Intro and a couple questions
geek at geekonskates.com
geek at geekonskates.com
Fri Jan 31 16:29:35 EST 2020
Hey there! Happy Friday! *smile*
I'm new to this list, and first off I wanted to thank you guys. Speakup
is absolutely awesome! I tried that TalkingArch a long time ago, and it
was okay, but I wished it were TalkingBuntu or Talkian or something
else. *lol* It's also no longer maintained from what I've heard. But
anyway, today I was updating Ubuntu from 18.04 to 19.whatever, and that
broke the GUI. And of course, the default terminal screen has extremely
tiny text, and I need zoom to read it; so, after about an hour of
searching the web for solutions, and using my phone's magnifier app to
see what I was doing, I remembered someone on another list mention
speakup. Now I have a fully functional screen reader for the Linux
terminal, and I'm absolutely loving it! Way to go, Speakup team!
*smile*
Anyway, I had a couple questions, if you don't mind:
1. Is Speakup the same thing as Espeakup? I tried "sudo apt-get install
speakup" and it suggested replacing it with "espeakup". I know what
eSpeak is, and I've used it many times in my own projects, but are they
the same thing?
2. I'm also a developer, and I'm a big fan of building terminal apps.

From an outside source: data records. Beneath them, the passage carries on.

(* The theory whose axioms are Extensionality, Separation, and the Hierarchy axiom $\forall a\exists h\forall k\big(k\subseteq h\to\exists s(s=\mathrm{pot}(k)\wedge(s\in h\vee a\subseteq s))\big)$ proves $\mathsf{LT}$ (equivalently, proves Stratification: every set is a subset of some level).
   Context: Second-order logic with Comprehension, single primitive $\in$. Extensionality: $\forall a\forall b(\forall x(x\in a\leftrightarrow x\in b)\to a=b)$. Separation: $\forall F\forall a\exists b\forall x(x\in b\leftrightarrow(F(x)\wedge x\in a))$. Potentiation $\mathrm{pot}(a)=\{x:\exists c(x\subseteq c\wedge c\in a)\}$. A history is $h$ with $x=\mathrm{pot}(x\cap h)$ for all $x\in h$; a level is $\mathrm{pot}(h)$ for a history $h$. $\mathsf{LT}$ has axioms Extensionality, Separation and Stratification. *)

theory Defs
  imports Main
begin

text \<open>A model of the language with single primitive membership: a type 'a of objects
and a relation m, where m x y means x is a member of y. Second-order quantifiers
range over predicates 'a \<Rightarrow> bool (full comprehension).\<close>

definition subs :: "('a \<Rightarrow> 'a \<Rightarrow> bool) \<Rightarrow> 'a \<Rightarrow> 'a \<Rightarrow> bool" where
  "subs m x y \<longleftrightarrow> (\<forall>z. m z x \<longrightarrow> m z y)"

definition is_pot :: "('a \<Rightarrow> 'a \<Rightarrow> bool) \<Rightarrow> 'a \<Rightarrow> 'a \<Rightarrow> bool" where
  "is_pot m s a \<longleftrightarrow> (\<forall>x. m x s \<longleftrightarrow> (\<exists>c. subs m x c \<and> m c a))"

text \<open>h is a history: x = pot(x \<inter> h) for all x \<in> h.\<close>
definition is_history :: "('a \<Rightarrow> 'a \<Rightarrow> bool) \<Rightarrow> 'a \<Rightarrow> bool" where
  "is_history m h \<longleftrightarrow>
     (\<forall>x. m x h \<longrightarrow> (\<forall>y. m y x \<longleftrightarrow> (\<exists>c. subs m y c \<and> m c x \<and> m c h)))"

definition is_level :: "('a \<Rightarrow> 'a \<Rightarrow> bool) \<Rightarrow> 'a \<Rightarrow> bool" where
  "is_level m l \<longleftrightarrow> (\<exists>h. is_history m h \<and> is_pot m l h)"

definition Extensionality :: "('a \<Rightarrow> 'a \<Rightarrow> bool) \<Rightarrow> bool" where
  "Extensionality m \<longleftrightarrow> (\<forall>a b. (\<forall>x. m x a \<longleftrightarrow> m x b) \<longrightarrow> a = b)"

definition Separation :: "('a \<Rightarrow> 'a \<Rightarrow> bool) \<Rightarrow> bool" where
  "Separation m \<longleftrightarrow> (\<forall>F a. \<exists>b. \<forall>x. m x b \<longleftrightarrow> (F x \<and> m x a))"

definition Hierarchy :: "('a \<Rightarrow> 'a \<Rightarrow> bool) \<Rightarrow> bool" where
  "Hierarchy m \<longleftrightarrow>
     (\<forall>a. \<exists>h. \<forall>k. subs m k h \<longrightarrow> (\<exists>s. is_pot m s k \<and> (m s h \<or> subs m a s)))"

definition Stratification :: "('a \<Rightarrow> 'a \<Rightarrow> bool) \<Rightarrow> bool" where
  "Stratification m \<longleftrightarrow> (\<forall>a. \<exists>l. is_level m l \<and> subs m a l)"

definition LT :: "('a \<Rightarrow> 'a \<Rightarrow> bool) \<Rightarrow> bool" where
  "LT m \<longleftrightarrow> Extensionality m \<and> Separation m \<and> Stratification m"

end

theory Submission
  imports Defs
begin

text \<open>Let h be the set given by the Hierarchy axiom for a, and let g be the set of members of h
that are obtained by well-founded iteration of pot inside h. Every member of g is pot(k) for
some k \<subseteq> g, so g is a history and s = pot(g) is a level. Since g \<subseteq> h, Hierarchy yields
s \<in> h or a \<subseteq> s. If s \<in> h, then s itself is generated, so s \<in> g and hence s \<in> pot(g) = s;
but no generated set is a member of itself, since pot(k) \<in> pot(k) forces c \<in> c for some
c \<in> k. Hence a \<subseteq> s.\<close>

lemma subs_refl: "subs m x x"
  by (simp add: subs_def)

lemma mem_pot_if_mem: "is_pot m x k \<Longrightarrow> m c k \<Longrightarrow> m c x"
  using subs_refl[of m c] unfolding is_pot_def by blast

lemma mem_pot_if_subs_mem: "is_pot m x k \<Longrightarrow> subs m y c \<Longrightarrow> m c x \<Longrightarrow> m y x"
  unfolding is_pot_def subs_def by blast

lemma pot_not_mem_self:
  assumes "is_pot m x k" and "\<And>c. m c k \<Longrightarrow> \<not> m c c"
  shows "\<not> m x x"
proof
  assume "m x x"
  then obtain c where "subs m x c" "m c k"
    using assms(1) unfolding is_pot_def by blast
  moreover from \<open>m c k\<close> have "m c x"
    using assms(1) by (rule mem_pot_if_mem[rotated])
  ultimately show False
    using assms(2) unfolding subs_def by blast
qed

lemma is_history_if_members_pot:
  assumes "\<And>x. m x h \<Longrightarrow> \<exists>k. is_pot m x k \<and> subs m k h"
  shows "is_history m h"
  unfolding is_history_def
proof (intro allI impI)
  fix x y
  assume "m x h"
  then obtain k where k: "is_pot m x k" "subs m k h"
    using assms by blast
  show "m y x \<longleftrightarrow> (\<exists>c. subs m y c \<and> m c x \<and> m c h)"
  proof
    assume "m y x"
    then obtain c where "subs m y c" "m c k"
      using k(1) unfolding is_pot_def by blast
    moreover from \<open>m c k\<close> have "m c x"
      by (rule mem_pot_if_mem[OF k(1)])
    moreover from \<open>m c k\<close> have "m c h"
      using k(2) unfolding subs_def by blast
    ultimately show "\<exists>c. subs m y c \<and> m c x \<and> m c h"
      by blast
  qed (use mem_pot_if_subs_mem[OF k(1)] in blast)
qed

inductive pot_generated :: "('a \<Rightarrow> 'a \<Rightarrow> bool) \<Rightarrow> 'a \<Rightarrow> 'a \<Rightarrow> bool" for m h where
  "m x h \<Longrightarrow> is_pot m x k \<Longrightarrow> (\<And>c. m c k \<Longrightarrow> pot_generated m h c) \<Longrightarrow> pot_generated m h x"

lemma pot_generated_mem: "pot_generated m h x \<Longrightarrow> m x h"
  by (induction rule: pot_generated.induct)

lemma pot_generated_not_mem_self: "pot_generated m h x \<Longrightarrow> \<not> m x x"
  by (induction rule: pot_generated.induct) (rule pot_not_mem_self)

lemma is_history_pot_generated:
  assumes g: "\<And>x. m x g \<longleftrightarrow> pot_generated m h x"
  shows "is_history m g"
proof (rule is_history_if_members_pot)
  fix x
  assume "m x g"
  then have "pot_generated m h x"
    using g by blast
  then obtain k where "is_pot m x k" "\<And>c. m c k \<Longrightarrow> pot_generated m h c"
    by (cases rule: pot_generated.cases) blast
  then show "\<exists>k. is_pot m x k \<and> subs m k g"
    using g unfolding subs_def by blast
qed

lemma pot_of_pot_generated_not_mem:
  assumes g: "\<And>x. m x g \<longleftrightarrow> pot_generated m h x" and s: "is_pot m s g"
  shows "\<not> m s h"
proof
  assume "m s h"
  have "pot_generated m h s"
    by (rule pot_generated.intros[OF \<open>m s h\<close> s]) (simp add: g)
  then have "\<not> m s s"
    by (rule pot_generated_not_mem_self)
  moreover from \<open>pot_generated m h s\<close> have "m s s"
    by (intro mem_pot_if_mem[OF s]) (simp add: g)
  ultimately show False
    by contradiction
qed

lemma Stratification_if_Separation_Hierarchy:
  assumes "Separation m" and "Hierarchy m"
  shows "Stratification m"
  unfolding Stratification_def
proof
  fix a
  obtain h where h: "\<And>k. subs m k h \<Longrightarrow> \<exists>s. is_pot m s k \<and> (m s h \<or> subs m a s)"
    using assms(2) unfolding Hierarchy_def by blast
  obtain g where g: "\<And>x. m x g \<longleftrightarrow> pot_generated m h x"
    using assms(1) pot_generated_mem unfolding Separation_def by metis
  have "subs m g h"
    unfolding subs_def by (simp add: g pot_generated_mem)
  then obtain s where s: "is_pot m s g" and "m s h \<or> subs m a s"
    using h by blast
  with pot_of_pot_generated_not_mem[OF g s] have "subs m a s"
    by blast
  moreover have "is_level m s"
    unfolding is_level_def using is_history_pot_generated[OF g] s by blast
  ultimately show "\<exists>l. is_level m l \<and> subs m a l"
    by blast
qed

theorem proposition32:
  fixes m :: "'a \<Rightarrow> 'a \<Rightarrow> bool"
  assumes "Extensionality m" and "Separation m" and "Hierarchy m"
  shows "LT m"
  unfolding LT_def using assms Stratification_if_Separation_Hierarchy[OF assms(2,3)] by blast

end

But my terminal apps have use eSpeak to talk, and also use a code
library called ncurses to create a decent interface for users with some
vision. I know ASCII art in general should always be either avoided or
optional, but I'd like what I build to be accessible to everyone,
including people with some vision. Anyway, in my troubleshooting
earlier, I ran dpkg-config something-or-other and got what looked like a
colorful screen with a message box. Speakup/Espeakup was still rambling
on about something previously printed to the screen, but when I pressed
the down arrow, it spoke the currently selected option. This is
awesome! But I'm interested in learning how to make my projects
compatible with Speakup. I'm sure it's more than just not linking to
eSpeak (lol). How did it know which bit of text on the screen was
selected?
3. I'd like to get involved. I know C and Git well, currently learning
GDB and Makefiles (I got the basics though), but definitely capable of
contributing. I don't know much about the kernel, but I'd like to
learn. I'm also fluent in Spanish, so I'd like to translate the user's
guide (which I'm still reading) into Spanish. How would I get started?
Apart from reading the user guide I mean - still working on that.